As I shall later tell, Your Excellency, not all of our people were disposed to accept the outlanders' assertion—or mine—that they were mere men. But after my earliest association with them I never doubted that, and in time I was of course proved right. So, Your Excellency, I will henceforth speak of them not as outlanders or aliens or strangers of mysterious beings, but as men.

The man with the pimples and sores was Gonzalo Guerrero, a carpenter by trade. The man with the pitted face was Jeronimo de Aguilar, a professional scribe like the reverend friars here. It may even be that some of you could have known him at some time, for he told me that his earliest ambition had been to be a priest of his god, and that he had studied for some time in a calmécac or whatever you call your schools for priests.

The two had come, they said, from a land to the eastward, well out of sight beyond the ocean horizon. I had of course already surmised that, and I was not much further enlightened when they told me the land was called Cuba, and that Cuba was only one colony of a much greater and still more distant eastern land called Spain or Castile, from which seat of power their King ruled all his far-flung Spanish dominions. That Spain or Castile, they said, was a land in which all men and women were white of skin, except for a few inferior persons called Moors, whose skins were totally black. I might have found that last statement so incredible as to make me suspicious of everything else the men told me. But I reflected that in these lands there was born the occasional freakish white tlacaztali. In a land of all white people, why should not the freaks be black?

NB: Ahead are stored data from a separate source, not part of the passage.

section \<open>Convergence groups and bihomomorphisms\<close>

lemma convergence_group_shift:
  assumes cg: "convergence_group conv" and F: "conv F x"
  shows "conv (filtermap (\<lambda>y. y - x) F) 0"
proof -
  have "conv (principal {x}) x" using cg by (simp add: convergence_group_def convergence_def)
  then have "conv (filtermap (\<lambda>(a, b). a - b) (F \<times>\<^sub>F principal {x})) (x - x)"
    using cg F unfolding convergence_group_def by blast
  also have "filtermap (\<lambda>(a, b). a - b) (F \<times>\<^sub>F principal {x}) = filtermap (\<lambda>y. y - x) F"
    by (simp add: prod_filter_principal_singleton2 filtermap_filtermap)
  finally show ?thesis by simp
qed

lemma bihomomorphism_zero:
  assumes "bihomomorphism u"
  shows "u 0 y = 0" and "u x 0 = 0"
proof -
  have "u (0 + 0) y = u 0 y + u 0 y" and "u x (0 + 0) = u x 0 + u x 0"
    using assms unfolding bihomomorphism_def by blast+
  then show "u 0 y = 0" and "u x 0 = 0" by simp_all
qed

lemma bihomomorphism_expand:
  assumes "bihomomorphism u"
  shows "u x y = u x0 y0 + u (x - x0) y0 + u x0 (y - y0) + u (x - x0) (y - y0)"
proof -
  have left: "u (a + a') b = u a b + u a' b" and right: "u a (b + b') = u a b + u a b'" for a a' b b'
    using assms by (auto simp: bihomomorphism_def)
  have "u x y = u x0 y + u (x - x0) y" using left[of x0 "x - x0" y] by simp
  also have "\<dots> = u x0 y0 + u x0 (y - y0) + (u (x - x0) y0 + u (x - x0) (y - y0))"
    using right[of x0 y0 "y - y0"] right[of "x - x0" y0 "y - y0"] by simp
  finally show ?thesis by (simp add: algebra_simps)
qed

Aguilar and Guerrero explained that they had come to our shores purely by misadventure. They had been among some hundreds of men and women who had left Cuba in twelve of the big floating houses—ships, they called them—under the command of a Captain Diego de Nicuesa, who was taking them to populate another Spanish colony of which he was to be governor, some place called Castilla de Oro, somewhere far to the southeast of here. But the expedition had run into misfortune, which they were inclined to blame on the coming of the ill-omened "hairy comet."

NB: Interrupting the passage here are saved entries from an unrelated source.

(* Let $S=K[x_1,\ldots,x_n]$ and let $I$ be a square-free monomial ideal of $S$ of degree $2$. Then $I$ is an $f$-ideal which is not of $l$ type for any $l$ if and only if the graph $T=\overline{\tau(G(I))}$ satisfies all of: (1) for each $i\in[n]$, $d(v_i)<n-1$ in $T$; (2) $\omega(T)=2$; (3) $|E(T)|=\frac12 C_n^2$; (4) $T$ is not bipartite.
   Context: $K$ is a field; $G(I)$ is the minimal monomial generating set; "of degree 2" means all elements of $G(I)$ have degree 2. With $\sigma$ the bijection $x_{i_1}\cdots x_{i_k}\mapsto\{i_1,\ldots,i_k\}$, the facet complex $\delta_{\mathcal{F}}(I)$ has facets $\sigma(g)$, $g\in G(I)$, the Stanley–Reisner complex is $\delta_{\mathcal{N}}(I)=\{\sigma(g)\mid g \text{ square-free monomial},\ g\notin I\}$, and $I$ is an $f$-ideal if both have the same $f$-vector. For a nonempty proper $B\subset[n]$ with complement $\overline B$, $W_B=\{x_ix_j\mid i\ne j,\ i,j\in B \text{ or } i,j\in\overline B\}$; $I$ is of $l$ type if $W_B\subseteq G(I)$ for some $B$ with $|B|=l$. $\tau(A)$, for a set $A$ of degree-2 square-free monomials, is the graph on $v_1,\ldots,v_n$ with edge $v_iv_j$ iff $x_ix_j\in A$; $\overline{\tau(A)}$ is its complement graph, $d(v)$ is vertex degree, $\omega$ is clique number, $E(T)$ is the edge set, $C_n^2$ the binomial coefficient. *)

theory Defs
  imports Complex_Main
begin

text \<open>A square-free monomial x_{i_1}...x_{i_k} of S = K[x_1,...,x_n]
  is identified with its support sigma(g) = {i_1,...,i_k}, a subset of {1..n}.
  A square-free monomial ideal I of degree 2 is determined by its minimal generating set G(I),
  encoded as the set  Gs = sigma ` G(I)  of 2-element subsets of {1..n}.
  A square-free monomial g lies in I iff some generator divides g, i.e. some element of Gs
  is contained in sigma(g).  The field K plays no role.\<close>

definition sqfree_deg2_gens :: "nat \<Rightarrow> nat set set \<Rightarrow> bool" where
  "sqfree_deg2_gens n Gs \<longleftrightarrow> (\<forall>g\<in>Gs. g \<subseteq> {1..n} \<and> card g = 2)"

definition in_ideal :: "nat set set \<Rightarrow> nat set \<Rightarrow> bool" where
  "in_ideal Gs F \<longleftrightarrow> (\<exists>g\<in>Gs. g \<subseteq> F)"

definition facet_complex :: "nat set set \<Rightarrow> nat set set" where
  "facet_complex Gs = {F. \<exists>g\<in>Gs. F \<subseteq> g}"

definition SR_complex :: "nat \<Rightarrow> nat set set \<Rightarrow> nat set set" where
  "SR_complex n Gs = {F. F \<subseteq> {1..n} \<and> \<not> in_ideal Gs F}"

text \<open>f-vector: f_i = number of faces of dimension i (i.e. of cardinality i+1).\<close>
definition f_vector :: "nat set set \<Rightarrow> nat \<Rightarrow> nat" where
  "f_vector D i = card {F \<in> D. card F = i + 1}"

definition f_ideal :: "nat \<Rightarrow> nat set set \<Rightarrow> bool" where
  "f_ideal n Gs \<longleftrightarrow> f_vector (facet_complex Gs) = f_vector (SR_complex n Gs)"

definition W_set :: "nat \<Rightarrow> nat set \<Rightarrow> nat set set" where
  "W_set n B = {{i, j} | i j. i \<noteq> j \<and>
      ((i \<in> B \<and> j \<in> B) \<or> (i \<in> {1..n} - B \<and> j \<in> {1..n} - B))}"

definition of_l_type :: "nat \<Rightarrow> nat set set \<Rightarrow> nat \<Rightarrow> bool" where
  "of_l_type n Gs l \<longleftrightarrow>
     (\<exists>B. B \<noteq> {} \<and> B \<subset> {1..n} \<and> card B = l \<and> W_set n B \<subseteq> Gs)"

text \<open>Simple graphs on vertex set V, edges are 2-element subsets of V.
  tau(G(I)) has edge {i,j} iff x_i x_j in G(I); its complement graph T has vertex set {1..n}
  and edge set the 2-subsets of {1..n} not in Gs.\<close>
definition compl_tau_edges :: "nat \<Rightarrow> nat set set \<Rightarrow> nat set set" where
  "compl_tau_edges n Gs = {e. e \<subseteq> {1..n} \<and> card e = 2 \<and> e \<notin> Gs}"

definition vdegree :: "nat set \<Rightarrow> nat set set \<Rightarrow> nat \<Rightarrow> nat" where
  "vdegree V E v = card {u \<in> V. {v, u} \<in> E}"

definition is_clique :: "nat set \<Rightarrow> nat set set \<Rightarrow> nat set \<Rightarrow> bool" where
  "is_clique V E C \<longleftrightarrow> C \<subseteq> V \<and> (\<forall>u\<in>C. \<forall>w\<in>C. u \<noteq> w \<longrightarrow> {u, w} \<in> E)"

definition clique_number :: "nat set \<Rightarrow> nat set set \<Rightarrow> nat" where
  "clique_number V E = Max (card ` {C. is_clique V E C})"

definition bipartite :: "nat set \<Rightarrow> nat set set \<Rightarrow> bool" where
  "bipartite V E \<longleftrightarrow> (\<exists>A B. A \<union> B = V \<and> A \<inter> B = {} \<and>
      (\<forall>e\<in>E. \<exists>a\<in>A. \<exists>b\<in>B. e = {a, b}))"

end

theory Submission
  imports Defs
begin

text \<open>Both complexes of a degree-2 ideal are read off the graph T: the facet complex has
  f-vector (|\<Union>G(I)|, |G(I)|, 0, ...), while the faces of the Stanley--Reisner complex are exactly
  the cliques of T, so its f-vector is (n, |E(T)|, f_2, ...). Hence I is an f-ideal iff every
  vertex occurs in a generator (condition (1)), |G(I)| = |E(T)| (condition (3), as
  |G(I)| + |E(T)| = C(n,2)) and T has no triangle (with E(T) \<noteq> {}, condition (2)).
  Finally W_B \<subseteq> G(I) says precisely that every edge of T crosses the cut (B, [n] - B), so
  I is of some l type iff T is bipartite.\<close>

lemma f_vector_eq_0_iff: "f_vector D i = 0 \<longleftrightarrow> (\<forall>F\<in>D. card F \<noteq> i + 1)" if "finite D"
  using that by (simp add: f_vector_def Ball_def)

lemma is_clique_doubleton:
  "u \<noteq> w \<Longrightarrow> is_clique V E {u, w} \<longleftrightarrow> u \<in> V \<and> w \<in> V \<and> {u, w} \<in> E"
  by (auto simp: is_clique_def insert_commute)

lemma vdegree_less_iff_non_neighbour:
  assumes "finite V" "v \<in> V" "\<forall>e\<in>E. card e = 2"
  shows "vdegree V E v < card V - 1 \<longleftrightarrow> (\<exists>u\<in>V. u \<noteq> v \<and> {v, u} \<notin> E)"
proof -
  have neighbours: "{u \<in> V. {v, u} \<in> E} \<subseteq> V - {v}"
    using assms(3) by fastforce
  have "card (V - {v}) = card V - 1"
    using assms(2) by simp
  then have "vdegree V E v < card V - 1 \<longleftrightarrow> {u \<in> V. {v, u} \<in> E} \<noteq> V - {v}"
    unfolding vdegree_def
    using neighbours assms(1) by (metis (no_types, lifting) card_seteq finite_Diff order_less_le card_mono)
  also have "\<dots> \<longleftrightarrow> (\<exists>u\<in>V. u \<noteq> v \<and> {v, u} \<notin> E)"
    using neighbours by blast
  finally show ?thesis .
qed

lemma clique_number_eq_2_iff:
  assumes "finite V" "\<forall>e\<in>E. e \<subseteq> V \<and> card e = 2"
  shows "clique_number V E = 2 \<longleftrightarrow> E \<noteq> {} \<and> (\<forall>C. is_clique V E C \<longrightarrow> card C \<le> 2)"
proof -
  have "{C. is_clique V E C} \<subseteq> Pow V"
    by (auto simp: is_clique_def)
  then have finite: "finite (card ` {C. is_clique V E C})"
    using assms(1) by (meson finite_Pow_iff finite_imageI finite_subset)
  have "is_clique V E {}"
    by (simp add: is_clique_def)
  then have nonempty: "card ` {C. is_clique V E C} \<noteq> {}"
    by blast
  have "(\<exists>C. is_clique V E C \<and> card C = 2) \<longleftrightarrow> E \<noteq> {}"
  proof
    assume "\<exists>C. is_clique V E C \<and> card C = 2"
    then obtain u w where "is_clique V E {u, w}" "u \<noteq> w"
      by (metis card_2_iff)
    then show "E \<noteq> {}"
      unfolding is_clique_def by (metis empty_iff insertI1 insertI2)
  next
    assume "E \<noteq> {}"
    then obtain e where "e \<in> E" by blast
    with assms(2) obtain u w where "e = {u, w}" "u \<noteq> w" "e \<subseteq> V"
      by (metis card_2_iff)
    with \<open>e \<in> E\<close> have "is_clique V E e \<and> card e = 2"
      by (auto simp: is_clique_def insert_commute)
    then show "\<exists>C. is_clique V E C \<and> card C = 2" ..
  qed
  then have "2 \<in> card ` {C. is_clique V E C} \<longleftrightarrow> E \<noteq> {}"
    by (metis (mono_tags, lifting) image_iff mem_Collect_eq)
  then show ?thesis
    unfolding clique_number_def using finite nonempty
    by (simp add: Max_eq_iff)
qed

A fierce storm had scattered the ships, and the one carrying them was finally blown onto sharp rocks which punctured and overturned and sank it. Only Aguilar and Guerrero and two other men had managed to flee the flooding vessel in a sort of large canoe carried upon the ship for such emergencies. To their surprise, the canoe had not been long afloat when the ocean threw it upon the beach of this land. The other two occupants of the canoe drowned in the turbulent breakers, and Aguilar. and Guerrero might have died too, had not "the red men" come running to help them to safety.

Aguilar and Guerrero expressed gratitude for their having been rescued, and hospitably received, and well fed and entertained. But they would be even more grateful, they said, if we red men would guide them back to the beach and their canoe. Guerrero the carpenter was sure he could repair any damage it had sustained, and make oars to propel it with. He and Aguilar were both sure that, if their god gave them fair weather, they could row eastward and find Cuba once more.

"Shall I let them go?" asked Ah Tutal, to whom I was translating as the interviews progressed.

I said, "If they can find the place called Cuba from here, then they should have no trouble finding Uluumil Kutz again from there. And you have heard: their Cuba seems to be teeming with white men eager to plant new colonies everywhere they can reach. Do you want them swarming here, Lord Mother?"

"No," he said worriedly. "But they might bring a physician who could cure the strange disease that is spreading among us. Our own have tried every remedy they know, but daily more persons fall ill and already three have died."

"Perhaps these men themselves would know something about it," I suggested. "Let us look at one of the sufferers."